China Resources Power surprises with H1 profit up almost 80pc

China Resources Power Holdings (CRP), which is embroiled in controversy over a 2010 coal mining investment deal, posted a forecast-beating 78 per cent jump in interim profit on the back of lower coal costs.

China Resources Power Holdings (CRP), which is embroiled in controversy over a 2010 coal mining investment deal, posted a forecast-beating 78 per cent jump in interim profit on the back of lower coal costs.

First-half net profit of the Hong Kong-listed mainland power producer was HK$5.33 billion, up from HK$3 billion yuan in the year-earlier period.

It was better than the HK$4.84 billion average estimate of four brokerage analyst polled by Bloomberg.

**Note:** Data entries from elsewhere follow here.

lemma lindeberg_ratio_tendsto_zero:
  fixes \<zeta> :: "nat \<Rightarrow> real" and k :: "nat \<Rightarrow> nat" and Q :: "nat \<Rightarrow> real \<Rightarrow> real"
  assumes \<zeta>: "\<zeta> \<longlonglongrightarrow> L" "0 < L" and k: "(\<lambda>n. real (k n) / sqrt (real n)) \<longlonglongrightarrow> 0"
    and \<delta>: "0 < \<delta>" and a: "0 < a" and b: "0 \<le> b" and C: "0 \<le> C"
    and Q_nonneg: "\<And>n T. 0 \<le> Q n T"
    and Q_le: "\<And>n T. b * real (k n) \<le> T \<Longrightarrow> Q n T \<le> C * exp (- a * T)"
  shows "(\<lambda>n. 1 / \<zeta> n * Q n (\<delta> * sqrt (real n * \<zeta> n))) \<longlonglongrightarrow> 0"
proof (rule tendsto_sandwich[OF _ _ tendsto_const tendsto_exp_neg_sqrt])
  define t where "t = \<delta> * sqrt (L / 2)"
  have t: "0 < t" using \<delta> \<zeta>(2) by (simp add: t_def)
  have "\<forall>\<^sub>F n in sequentially. L / 2 < \<zeta> n"
    using order_tendstoD(1)[OF \<zeta>(1), of "L / 2"] \<zeta>(2) by simp
  moreover have "\<forall>\<^sub>F n in sequentially. real (k n) / sqrt (real n) < t / (b + 1)"
    using order_tendstoD(2)[OF k] t b by simp
  moreover have "\<forall>\<^sub>F n in sequentially. n \<ge> 1" by (rule eventually_ge_at_top)
  ultimately have "\<forall>\<^sub>F n in sequentially. 0 \<le> 1 / \<zeta> n * Q n (\<delta> * sqrt (real n * \<zeta> n)) \<and>
      1 / \<zeta> n * Q n (\<delta> * sqrt (real n * \<zeta> n)) \<le> 2 / L * C * exp (- (a * t * sqrt (real n)))"
  proof eventually_elim
    case (elim n)
    define T where "T = \<delta> * sqrt (real n * \<zeta> n)"
    have sqrt_n: "0 < sqrt (real n)" using elim by simp
    have "t * sqrt (real n) = \<delta> * sqrt (real n * (L / 2))"
      by (simp only: t_def real_sqrt_mult mult_ac)
    also have "\<dots> \<le> T"
      unfolding T_def using elim \<delta> by (intro mult_left_mono real_sqrt_le_mono) auto
    finally have tT: "t * sqrt (real n) \<le> T" .
    have "b * real (k n) \<le> b * (t / (b + 1) * sqrt (real n))"
      using elim sqrt_n b by (intro mult_left_mono) (auto simp: field_simps)
    also have "\<dots> \<le> t * sqrt (real n)"
      using b t sqrt_n by (simp add: field_simps)
    finally have "Q n T \<le> C * exp (- a * T)" using tT by (intro Q_le) linarith
    also have "\<dots> \<le> C * exp (- (a * t * sqrt (real n)))"
      using tT a C by (intro mult_left_mono) auto
    finally have "Q n T \<le> C * exp (- (a * t * sqrt (real n)))" .
    moreover have "1 / \<zeta> n \<le> 2 / L" "0 < \<zeta> n" using elim \<zeta>(2) by (auto simp: field_simps)
    ultimately have "1 / \<zeta> n * Q n T \<le> 2 / L * (C * exp (- (a * t * sqrt (real n))))"
      using Q_nonneg[of n T] \<zeta>(2) by (intro mult_mono) auto
    then show ?case using Q_nonneg[of n T] \<open>0 < \<zeta> n\<close> unfolding T_def by (simp add: mult.assoc)
  qed
  then show "\<forall>\<^sub>F n in sequentially. 0 \<le> 1 / \<zeta> n * Q n (\<delta> * sqrt (real n * \<zeta> n))"
    and "\<forall>\<^sub>F n in sequentially. 1 / \<zeta> n * Q n (\<delta> * sqrt (real n * \<zeta> n))
      \<le> 2 / L * C * exp (- (a * t * sqrt (real n)))"
    by (auto elim: eventually_mono)
  show "0 < a * t" using a t by simp
qed

locale additive_noise =
  fixes PX :: "'x measure" and Pe :: "real measure" and F :: "'x \<Rightarrow> real"
  assumes prob_space_PX: "prob_space PX"
    and prob_space_Pe: "prob_space Pe" and sets_Pe: "sets Pe = sets borel"
    and F_measurable: "F \<in> borel_measurable PX"
begin

lemma measurable_response_map:
  "(\<lambda>(x, e). (x, F x + e)) \<in> measurable (PX \<Otimes>\<^sub>M Pe) (PX \<Otimes>\<^sub>M borel)"
proof -
  have "(\<lambda>(x, e::real). (x, F x + e)) \<in> measurable (PX \<Otimes>\<^sub>M borel) (PX \<Otimes>\<^sub>M (borel :: real measure))"
    using F_measurable by measurable
  then show ?thesis
    by (subst measurable_cong_sets[OF sets_pair_measure_cong[OF refl sets_Pe] refl])
qed

lemma prob_space_PZ: "prob_space (PZ PX Pe F)"
proof -
  interpret PX: prob_space PX by (rule prob_space_PX)
  interpret Pe: prob_space Pe by (rule prob_space_Pe)
  interpret pair_prob_space PX Pe by unfold_locales
  show ?thesis unfolding PZ_def by (intro prob_space_distr measurable_response_map)
qed

lemma measurable_Pe_eq: "measurable Pe M = measurable borel M"
  using measurable_cong_sets[OF sets_Pe refl] .

lemma nn_integral_PZ_response_le:
  assumes g: "g \<in> borel_measurable borel" and G: "G \<in> borel_measurable borel"
    and le: "\<And>x e. g (F x + e) \<le> G e"
  shows "(\<integral>\<^sup>+z. g (snd z) \<partial>PZ PX Pe F) \<le> (\<integral>\<^sup>+e. G e \<partial>Pe)"
proof -
  interpret PX: prob_space PX by (rule prob_space_PX)
  interpret Pe: prob_space Pe by (rule prob_space_Pe)
  interpret pair_prob_space PX Pe by unfold_locales
  have "(\<integral>\<^sup>+z. g (snd z) \<partial>PZ PX Pe F) = (\<integral>\<^sup>+p. g (snd ((\<lambda>(x, e). (x, F x + e)) p)) \<partial>(PX \<Otimes>\<^sub>M Pe))"
    unfolding PZ_def using g
    by (intro nn_integral_distr measurable_response_map measurable_compose[OF measurable_snd g])
       (simp add: measurable_distr_eq1)
  also have "\<dots> \<le> (\<integral>\<^sup>+p. G (snd p) \<partial>(PX \<Otimes>\<^sub>M Pe))"
    by (intro nn_integral_mono) (auto simp: le split: prod.splits)
  also have "\<dots> = (\<integral>\<^sup>+e. G e \<partial>Pe)"
    using G[folded measurable_Pe_eq]
    by (subst Pe.nn_integral_fst[symmetric]) (auto simp: PX.emeasure_space_1)
  finally show ?thesis .
qed

lemma nn_integral_abs_response_le:
  assumes B: "\<And>x. \<bar>F x\<bar> \<le> B" and \<nu>: "0 < \<nu>"
    and I: "(\<integral>\<^sup>+e. ennreal (exp (\<nu> * \<bar>e\<bar>)) \<partial>Pe) = ennreal Ir" and Ir: "0 \<le> Ir"
  shows "(\<integral>\<^sup>+w. ennreal \<bar>snd w\<bar> \<partial>PZ PX Pe F) \<le> ennreal (B + Ir / \<nu>)"
proof -
  interpret Pe: prob_space Pe by (rule prob_space_Pe)
  have B0: "0 \<le> B" using B[of undefined] by linarith
  have "(\<integral>\<^sup>+w. ennreal \<bar>snd w\<bar> \<partial>PZ PX Pe F) \<le> (\<integral>\<^sup>+e. ennreal B + ennreal (1 / \<nu>) * ennreal (exp (\<nu> * \<bar>e\<bar>)) \<partial>Pe)"
  proof (rule nn_integral_PZ_response_le)
    fix x e
    have "\<nu> * \<bar>e\<bar> \<le> exp (\<nu> * \<bar>e\<bar>)" using exp_ge_add_one_self[of "\<nu> * \<bar>e\<bar>"] by linarith
    then have "\<bar>e\<bar> \<le> 1 / \<nu> * exp (\<nu> * \<bar>e\<bar>)" using \<nu> by (simp add: field_simps)
    then have "\<bar>F x + e\<bar> \<le> B + 1 / \<nu> * exp (\<nu> * \<bar>e\<bar>)" using B[of x] by linarith
    then show "ennreal \<bar>F x + e\<bar> \<le> ennreal B + ennreal (1 / \<nu>) * ennreal (exp (\<nu> * \<bar>e\<bar>))"
      using \<nu> B0 by (simp add: ennreal_plus[symmetric] ennreal_mult[symmetric] ennreal_leI del: ennreal_plus)
  qed measurable
  also have "\<dots> = ennreal B + ennreal (1 / \<nu>) * ennreal Ir"
    by (simp add: nn_integral_add nn_integral_cmult I Pe.emeasure_space_1 measurable_Pe_eq)
  also have "\<dots> = ennreal (B + Ir / \<nu>)"
    using \<nu> B0 Ir by (simp add: ennreal_plus[symmetric] ennreal_mult[symmetric] del: ennreal_plus)
  finally show ?thesis .
qed

lemma nn_integral_truncated_sq_response_le:
  assumes B: "\<And>x. \<bar>F x\<bar> \<le> B" and \<nu>: "0 < \<nu>"
    and I: "(\<integral>\<^sup>+e. ennreal (exp (\<nu> * \<bar>e\<bar>)) \<partial>Pe) = ennreal Ir" and Ir: "0 \<le> Ir"
  shows "(\<integral>\<^sup>+z. ennreal (indicator {y. s \<le> \<bar>y\<bar>} (snd z) * (snd z)\<^sup>2) \<partial>PZ PX Pe F)
     \<le> ennreal ((B + 4 / \<nu>)\<^sup>2 * exp (\<nu> / 2 * B) * Ir * exp (- (\<nu> / 2) * s))"
proof -
  define K where "K = (B + 4 / \<nu>)\<^sup>2 * exp (\<nu> / 2 * B) * exp (- (\<nu> / 2) * s)"
  have B0: "0 \<le> B" using B[of undefined] by linarith
  have "(\<integral>\<^sup>+z. ennreal (indicator {y. s \<le> \<bar>y\<bar>} (snd z) * (snd z)\<^sup>2) \<partial>PZ PX Pe F)
     \<le> (\<integral>\<^sup>+e. ennreal K * ennreal (exp (\<nu> * \<bar>e\<bar>)) \<partial>Pe)"
  proof (rule nn_integral_PZ_response_le)
    fix x e
    have "\<bar>F x + e\<bar> \<le> B + \<bar>e\<bar>" using B[of x] by linarith
    then have "indicator {y. s \<le> \<bar>y\<bar>} (F x + e) * (F x + e)\<^sup>2 \<le> K * exp (\<nu> * \<bar>e\<bar>)"
      unfolding K_def using B0 \<nu> by (rule truncated_sq_le_exp)
    then show "ennreal (indicator {y. s \<le> \<bar>y\<bar>} (F x + e) * (F x + e)\<^sup>2) \<le> ennreal K * ennreal (exp (\<nu> * \<bar>e\<bar>))"
      by (simp add: K_def ennreal_mult[symmetric] ennreal_leI)
  qed measurable
  also have "\<dots> = ennreal K * ennreal Ir"
    by (simp add: nn_integral_cmult I measurable_Pe_eq)
  also have "\<dots> = ennreal ((B + 4 / \<nu>)\<^sup>2 * exp (\<nu> / 2 * B) * Ir * exp (- (\<nu> / 2) * s))"
    using Ir by (simp add: K_def ennreal_mult[symmetric] mult_ac)
  finally show ?thesis .
qed

lemma nn_integral_sum_abs_responses_le:
  assumes M: "(\<integral>\<^sup>+w. ennreal \<bar>snd w\<bar> \<partial>PZ PX Pe F) \<le> ennreal M" "0 \<le> M" and I: "finite I"
  shows "(\<integral>\<^sup>+z. (\<Sum>i\<in>I. ennreal \<bar>snd (z i)\<bar>) \<partial>PiM I (\<lambda>_. PZ PX Pe F)) \<le> ennreal (real (card I) * M)"
proof -
  have "(\<integral>\<^sup>+z. (\<Sum>i\<in>I. ennreal \<bar>snd (z i)\<bar>) \<partial>PiM I (\<lambda>_. PZ PX Pe F))
      = (\<Sum>i\<in>I. \<integral>\<^sup>+z. ennreal \<bar>snd (z i)\<bar> \<partial>PiM I (\<lambda>_. PZ PX Pe F))"
    by (intro nn_integral_sum borel_measurable_abs_response_component)
  also have "\<dots> = (\<Sum>i\<in>I. \<integral>\<^sup>+w. ennreal \<bar>snd w\<bar> \<partial>PZ PX Pe F)"
    by (intro sum.cong refl nn_integral_PiM_component prob_space_PZ borel_measurable_abs_response)
  also have "\<dots> \<le> (\<Sum>i\<in>I. ennreal M)"
    by (intro sum_mono M(1))
  also have "\<dots> = ennreal (real (card I) * M)"
    using M(2) by (simp add: ennreal_of_nat_eq_real_of_nat ennreal_mult'[symmetric])
  finally show ?thesis .
qed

First-half turnover grew 4.5 per cent year-on-year to HK$32.3 billion, on the back of a 9.3 per cent rise in power output to 83.8 billion kilowatt-hours, the company said in a filing to the Hong Kong Stock Exchange.

CRP’s average standard coal cost for its power plants decreased 18 per cent during the reported period from the same period last year.

The company’s share price dropped 6.5 per cent year-to-date, underperforming the Hang Seng Index’s 0.8 per cent fall and rival Huaneng Power International’s 13per cent gain.

The drop was related to its merger proposal with sister firm China Resources Gas that was rejected last month by shareholders, as well as a controversial 7.9 billion yuan coal mining assets acquisition by a 49 per cent-owned subsidiary.

CRP’s management has allegedly sanctioned the acquisition at an inflated price, while certain mining rights among the assets had expired at the time of the acquisition. CRP had denied wrong-doing by its management.

Minority shareholders are seeking a court order for CRP to sue management for alleged failure in fiduciary duties to protect their interests in the deal. They are also seeking to nullify the deal.